Drummond took a leave to serve as European director of information for the Marshall Plan from 1949 to 1951 with the Economic Cooperation Administration in Paris. A founding member of Freedom House in 1941, he was a member of the board of trustees (1962–67) and served as its vice-chair. From 1953 to 1955 he was chief of the Washington bureau of the New York Herald Tribune.

Drummond wrote a political column he wrote for more than 50 years, called "State of the Nation". Syndicated by the Los Angeles Times, the column was carried by 150 newspapers in the U.S. and abroad, and reflected Drummond's Republican point of view. He began writing the column in 1951, succeeding Joseph C. Harsch; he stopped writing the column in 1981 after the automobile accident.

==Personal life==
Drummond married Charlotte Bruner, daughter of Meylert Bruner, of Newton, Massachusetts, on September 11, 1926. They had a son, Geoffrey. His wife died around 1977. He married Carol around 1978.

In 1981, Drummond was injured in an automotive accident.

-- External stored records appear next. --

lemma sum_abs_powr_neg_int_le:
  fixes a :: real
  assumes a: "a > 1" and T: "finite T" "0 \<notin> T"
  shows "(\<Sum>t\<in>T. \<bar>real_of_int t\<bar> powr (-a)) \<le> 2 * (1 + 1 / (a-1))"
proof -
  define Tp where "Tp = {t\<in>T. t > 0}"
  define Tm where "Tm = {t\<in>T. t < 0}"
  have T_split: "T = Tp \<union> Tm" "Tp \<inter> Tm = {}" "finite Tp" "finite Tm"
    using T unfolding Tp_def Tm_def by (auto, metis linorder_neqE_linordered_idom)
  have "(\<Sum>t\<in>Tp. \<bar>real_of_int t\<bar> powr (-a)) = (\<Sum>n\<in>nat ` Tp. real n powr (-a))"
    by (subst sum.reindex) (auto simp: inj_on_def Tp_def intro!: sum.cong)
  also have "\<dots> \<le> 1 + 1/(a-1)" using T_split a by (intro sum_powr_neg_nat_le) (auto simp: Tp_def)
  finally have pos: "(\<Sum>t\<in>Tp. \<bar>real_of_int t\<bar> powr (-a)) \<le> 1 + 1/(a-1)" .
  have "(\<Sum>t\<in>Tm. \<bar>real_of_int t\<bar> powr (-a)) = (\<Sum>n\<in>(\<lambda>t. nat (-t)) ` Tm. real n powr (-a))"
    by (subst sum.reindex) (auto simp: inj_on_def Tm_def intro!: sum.cong)
  also have "\<dots> \<le> 1 + 1/(a-1)" using T_split a by (intro sum_powr_neg_nat_le) (auto simp: Tm_def)
  finally have neg: "(\<Sum>t\<in>Tm. \<bar>real_of_int t\<bar> powr (-a)) \<le> 1 + 1/(a-1)" .
  show ?thesis using pos neg by (simp add: T_split sum.union_disjoint)
qed

lemma card_slice_le:
  fixes i :: "'n::finite" and t T :: int
  assumes "T \<ge> 0" and S: "S \<subseteq> {l::int^'n. l$i = t \<and> (\<forall>j. \<bar>l$j\<bar> \<le> T)}"
  shows "card S \<le> nat (2*T+1) ^ (CARD('n) - 1)"
proof -
  define B where "B = PiE (UNIV - {i}) (\<lambda>_. {-T..T})"
  define restr where "restr = (\<lambda>l::int^'n. restrict (\<lambda>j. l$j) (UNIV - {i}))"
  have "inj_on restr S"
  proof (rule inj_onI)
    fix x y assume xy: "x \<in> S" "y \<in> S" "restr x = restr y"
    have "x$j = y$j" for j
    proof (cases "j = i")
      case False
      then show ?thesis using fun_cong[OF xy(3), of j] by (simp add: restr_def)
    qed (use S xy in auto)
    then show "x = y" by (simp add: vec_eq_iff)
  qed
  moreover have "restr l \<in> B" if "l \<in> S" for l
  proof -
    have "\<bar>l$j\<bar> \<le> T" for j using S that by auto
    then show ?thesis unfolding B_def restr_def by (auto simp: abs_le_iff) (meson minus_le_iff)
  qed
  then have "restr ` S \<subseteq> B" by blast
  moreover have "finite B" unfolding B_def by (intro finite_PiE) auto
  ultimately have "card S \<le> card B" by (rule card_inj_on_le)
  also have "card B = nat (2*T+1) ^ (CARD('n) - 1)"
    unfolding B_def using assms by (simp add: card_PiE card_Diff_singleton)
  finally show ?thesis .
qed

He died of a heart ailment on September 30, 1983, at the Tenacre Foundation, a Christian Science nursing home in Princeton, New Jersey. He was buried in Rock Creek Cemetery.

==Works==
He was co-author (with Gaston Coblentz) of Duel at the Brink (1960), a book about Secretary of State John Foster Dulles. Drummond was writing his memoirs at the time of his death.